(* Fix a nonempty $A\subseteq S$ and $w\in A$, and let $E_0=\{\tau_{\mathcal E_N^w}=\tau_{\mathcal E_N(A)}\}$. Let $x,y\in S$ be distinct with $r(x,y)>r(y,x)>0$, and let $q_{x,y}=r(y,x)/r(x,y)$. Then, as $N\to\infty$, $$\Big|\mathbb P_{\zeta_1^{x,y}}[E_0]-\frac{q_{x,y}-q_{x,y}^N}{1-q_{x,y}^N}\mathbb P_{\xi_N^x}[E_0]-\frac{1-q_{x,y}}{1-q_{x,y}^N}\mathbb P_{\xi_N^y}[E_0]\Big|=O(d_N\log N)$$ and $$\Big|\mathbb P_{\zeta_{N-1}^{x,y}}[E_0]-\frac{q_{x,y}^{N-1}-q_{x,y}^N}{1-q_{x,y}^N}\mathbb P_{\xi_N^x}[E_0]-\frac{1-q_{x,y}^{N-1}}{1-q_{x,y}^N}\mathbb P_{\xi_N^y}[E_0]\Big|=O(d_N\log N).$$
   Context: $S$ is finite; $r:S\times S\to[0,\infty)$, $r(x,x)=0$, are the rates of an irreducible continuous-time Markov chain on $S$. $\mathcal H_N=\{\eta\in\{0,1,2,\dots\}^S:\sum_x\eta_x=N\}$; $\sigma^{x,y}\eta$ moves one particle from $x$ to $y$ (if $\eta_x\ge1$; else $\sigma^{x,y}\eta=\eta$). With $d_N>0$, $d_N\to0$, the inclusion process is the Markov chain on $\mathcal H_N$ with generator $(\mathcal L_NF)(\eta)=\sum_{x\ne y}\eta_x(d_N+\eta_y)r(x,y)\{F(\sigma^{x,y}\eta)-F(\eta)\}$; $\mathbb P_\eta$ its law from $\eta$; $\tau_{\mathcal C}$ the hitting time of $\mathcal C\subseteq\mathcal H_N$. $\xi_N^z$: all $N$ particles at $z$; $\mathcal E_N^z=\{\xi_N^z\}$, $\mathcal E_N(A)=\bigcup_{z\in A}\mathcal E_N^z$. For $0\le i\le N$, $\zeta_i^{x,y}$ is the configuration with $N-i$ particles at $x$, $i$ at $y$, none elsewhere (so $\zeta_0^{x,y}=\xi_N^x$, $\zeta_N^{x,y}=\xi_N^y$). $O(\cdot)$ has constant independent of $N$. *)

theory Defs
  imports "HOL-Analysis.Analysis" "HOL-Library.Landau_Symbols"
begin

text \<open>Configurations: functions S \<Rightarrow> nat, with S a finite type. The number of
particles of a configuration is its total mass.\<close>

definition conc :: "nat \<Rightarrow> 'a \<Rightarrow> ('a \<Rightarrow> nat)" where
  "conc N z = (\<lambda>u. if u = z then N else 0)"

definition zeta :: "nat \<Rightarrow> 'a \<Rightarrow> 'a \<Rightarrow> nat \<Rightarrow> ('a \<Rightarrow> nat)" where
  "zeta N x y i = (\<lambda>u. if u = x then N - i else if u = y then i else 0)"

definition move :: "'a \<Rightarrow> 'a \<Rightarrow> ('a \<Rightarrow> nat) \<Rightarrow> ('a \<Rightarrow> nat)" where
  "move x y \<eta> = (if 1 \<le> \<eta> x then \<eta>(x := \<eta> x - 1, y := \<eta> y + 1) else \<eta>)"

definition incl_rate :: "real \<Rightarrow> ('a \<Rightarrow> 'a \<Rightarrow> real) \<Rightarrow> ('a \<Rightarrow> nat) \<Rightarrow> 'a \<Rightarrow> 'a \<Rightarrow> real" where
  "incl_rate dN r \<eta> x y = real (\<eta> x) * (dN + real (\<eta> y)) * r x y"

definition incl_total :: "real \<Rightarrow> ('a::finite \<Rightarrow> 'a \<Rightarrow> real) \<Rightarrow> ('a \<Rightarrow> nat) \<Rightarrow> real" where
  "incl_total dN r \<eta> = (\<Sum>x\<in>UNIV. \<Sum>y\<in>UNIV - {x}. incl_rate dN r \<eta> x y)"

definition in_EA :: "'a set \<Rightarrow> ('a::finite \<Rightarrow> nat) \<Rightarrow> bool" where
  "in_EA A \<eta> \<longleftrightarrow> (\<exists>z\<in>A. \<eta> = conc (sum \<eta> UNIV) z)"

text \<open>hit_steps dN r A w n eta: probability, for the inclusion process (with
parameter dN) started from eta, that the set E(A) is hit within at most n jumps
and that it is hit first at the configuration xi^w. (Hitting events of a
continuous-time chain depend only on its embedded jump chain.)\<close>
fun hit_steps :: "real \<Rightarrow> ('a::finite \<Rightarrow> 'a \<Rightarrow> real) \<Rightarrow> 'a set \<Rightarrow> 'a \<Rightarrow> nat \<Rightarrow> ('a \<Rightarrow> nat) \<Rightarrow> real" where
  "hit_steps dN r A w 0 \<eta> = (if \<eta> = conc (sum \<eta> UNIV) w then 1 else 0)"
| "hit_steps dN r A w (Suc n) \<eta> =
     (if in_EA A \<eta> then (if \<eta> = conc (sum \<eta> UNIV) w then 1 else 0)
      else (\<Sum>x\<in>UNIV. \<Sum>y\<in>UNIV - {x}.
               incl_rate dN r \<eta> x y * hit_steps dN r A w n (move x y \<eta>)) / incl_total dN r \<eta>)"

text \<open>P_eta[ tau_{E^w} = tau_{E(A)} ], as the limit of the increasing sequence above.\<close>
definition hit_prob :: "real \<Rightarrow> ('a::finite \<Rightarrow> 'a \<Rightarrow> real) \<Rightarrow> 'a set \<Rightarrow> 'a \<Rightarrow> ('a \<Rightarrow> nat) \<Rightarrow> real" where
  "hit_prob dN r A w \<eta> = lim (\<lambda>n. hit_steps dN r A w n \<eta>)"

end

theory Submission
  imports Defs
begin

(*
  Let h j be the hitting probability started from zeta N x y j. Harmonicity of h at
  zeta N x y j (0 < j < N), with all jumps off the edge {x, y} lumped together (their total
  rate is O(N d)), gives
    (N - j) (d + j) r x y (h (j + 1) - h j) - j (d + N - j) r y x (h j - h (j - 1)) = O(N d).
  Up to errors O(d N / (j (N - j))) the increments of h thus follow those of the walk on
  {0..N} with rate ratio q = r y x / r x y, whose harmonic profile is the interpolation in
  the claim. The deviation from that profile vanishes at 0 and N, and its increments obey a
  recurrence with contraction factor at most q (1 + d) < 1; hence its first and last
  increments are bounded by the accumulated error, of order
  d * sum (N / (j (N - j))) = 2 d H (N - 1) = O(d log N).
*)

lemma sum_off_diagonal:
  fixes F :: "'a::finite \<Rightarrow> 'a \<Rightarrow> 'b::comm_monoid_add"
  shows "(\<Sum>x\<in>UNIV. \<Sum>y\<in>UNIV - {x}. F x y) = (\<Sum>(x, y)\<in>{(u, v). u \<noteq> v}. F x y)"
proof -
  have "(SIGMA x:UNIV. UNIV - {x}) = {(u, v). u \<noteq> (v::'a)}" by auto
  then show ?thesis by (simp add: sum.Sigma)
qed

locale inclusion_hitting =
  fixes dN :: real and r :: "'a::finite \<Rightarrow> 'a \<Rightarrow> real" and A :: "'a set" and w :: 'a
  assumes dN_pos: "0 < dN" and r_nonneg: "\<And>a b. 0 \<le> r a b" and w_in_A: "w \<in> A"
begin

lemma incl_rate_nonneg: "0 \<le> incl_rate dN r \<eta> a b"
  unfolding incl_rate_def using dN_pos r_nonneg by simp

lemma incl_total_nonneg: "0 \<le> incl_total dN r \<eta>"
  unfolding incl_total_def by (intro sum_nonneg incl_rate_nonneg)

lemma hit_steps_bounds: "0 \<le> hit_steps dN r A w n \<eta> \<and> hit_steps dN r A w n \<eta> \<le> 1"
proof (induction n arbitrary: \<eta>)
  case (Suc n)
  let ?S = "\<Sum>x\<in>UNIV. \<Sum>y\<in>UNIV - {x}. incl_rate dN r \<eta> x y * hit_steps dN r A w n (move x y \<eta>)"
  have "0 \<le> ?S"
    using Suc.IH incl_rate_nonneg by (intro sum_nonneg) simp
  moreover have "?S \<le> incl_total dN r \<eta>"
    unfolding incl_total_def using Suc.IH incl_rate_nonneg
    by (intro sum_mono) (simp add: mult_left_le)
  ultimately show ?case
    by (cases "incl_total dN r \<eta> = 0") auto
qed simp

lemma hit_steps_Suc_mono: "hit_steps dN r A w n \<eta> \<le> hit_steps dN r A w (Suc n) \<eta>"
proof (induction n arbitrary: \<eta>)
  case 0
  show ?case
  proof (cases "in_EA A \<eta>")
    case False
    then have "\<eta> \<noteq> conc (sum \<eta> UNIV) w"
      using w_in_A unfolding in_EA_def by auto
    then show ?thesis
      using hit_steps_bounds[of "Suc 0" \<eta>] by (simp only: hit_steps.simps(1) if_False)
  qed simp
next
  case (Suc n)
  show ?case
  proof (cases "in_EA A \<eta>")
    case False
    have "(\<Sum>x\<in>UNIV. \<Sum>y\<in>UNIV - {x}. incl_rate dN r \<eta> x y * hit_steps dN r A w n (move x y \<eta>))
       \<le> (\<Sum>x\<in>UNIV. \<Sum>y\<in>UNIV - {x}. incl_rate dN r \<eta> x y * hit_steps dN r A w (Suc n) (move x y \<eta>))"
      by (intro sum_mono mult_left_mono Suc.IH incl_rate_nonneg)
    then show ?thesis
      unfolding hit_steps.simps(2) if_not_P[OF False] by (rule divide_right_mono[OF _ incl_total_nonneg])
  qed simp
qed

lemma hit_steps_tendsto: "(\<lambda>n. hit_steps dN r A w n \<eta>) \<longlonglongrightarrow> hit_prob dN r A w \<eta>"
proof -
  have "incseq (\<lambda>n. hit_steps dN r A w n \<eta>)"
    using hit_steps_Suc_mono by (simp add: incseq_Suc_iff)
  moreover have "\<forall>n. hit_steps dN r A w n \<eta> \<le> 1"
    using hit_steps_bounds by blast
  ultimately obtain L where "(\<lambda>n. hit_steps dN r A w n \<eta>) \<longlonglongrightarrow> L"
    by (rule incseq_convergent)
  then show ?thesis
    unfolding hit_prob_def by (simp add: limI)
qed

lemma hit_prob_bounds: "0 \<le> hit_prob dN r A w \<eta> \<and> hit_prob dN r A w \<eta> \<le> 1"
proof
  show "0 \<le> hit_prob dN r A w \<eta>"
    by (rule LIMSEQ_le_const[OF hit_steps_tendsto]) (use hit_steps_bounds in blast)
  show "hit_prob dN r A w \<eta> \<le> 1"
    by (rule LIMSEQ_le_const2[OF hit_steps_tendsto]) (use hit_steps_bounds in blast)
qed

lemma hit_prob_harmonic:
  assumes "\<not> in_EA A \<eta>"
  shows "hit_prob dN r A w \<eta> = (\<Sum>x\<in>UNIV. \<Sum>y\<in>UNIV - {x}.
           incl_rate dN r \<eta> x y * hit_prob dN r A w (move x y \<eta>)) / incl_total dN r \<eta>"
proof -
  have "(\<lambda>n. hit_steps dN r A w (Suc n) \<eta>) \<longlonglongrightarrow> (\<Sum>x\<in>UNIV. \<Sum>y\<in>UNIV - {x}.
           incl_rate dN r \<eta> x y * hit_prob dN r A w (move x y \<eta>)) / incl_total dN r \<eta>"
    unfolding hit_steps.simps(2) if_not_P[OF assms] divide_inverse
    by (intro tendsto_mult_right tendsto_sum tendsto_mult_left hit_steps_tendsto)
  then show ?thesis
    using LIMSEQ_Suc[OF hit_steps_tendsto] LIMSEQ_unique by blast
qed

lemma hit_prob_balance:
  assumes "\<not> in_EA A \<eta>"
  shows "(\<Sum>x\<in>UNIV. \<Sum>y\<in>UNIV - {x}. incl_rate dN r \<eta> x y *
           (hit_prob dN r A w (move x y \<eta>) - hit_prob dN r A w \<eta>)) = 0"
proof -
  let ?h = "hit_prob dN r A w"
  define S where "S = (\<Sum>x\<in>UNIV. \<Sum>y\<in>UNIV - {x}. incl_rate dN r \<eta> x y * ?h (move x y \<eta>))"
  define T where "T = incl_total dN r \<eta>"
  have "0 \<le> S" "S \<le> T"
    unfolding S_def T_def incl_total_def using hit_prob_bounds incl_rate_nonneg
    by (auto intro!: sum_nonneg sum_mono simp: mult_left_le)
  moreover have "?h \<eta> = S / T"
    unfolding S_def T_def by (rule hit_prob_harmonic[OF assms])
  ultimately have "S - ?h \<eta> * T = 0"
    by (cases "T = 0") auto
  then show ?thesis
    unfolding S_def T_def incl_total_def
    by (simp add: right_diff_distrib sum_subtractf sum_distrib_left mult.commute)
qed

■ **Exercise prompt**
If a line in the entries above holds "process", include it in the count; report nothing but the resulting number.

■ **Answer below**
2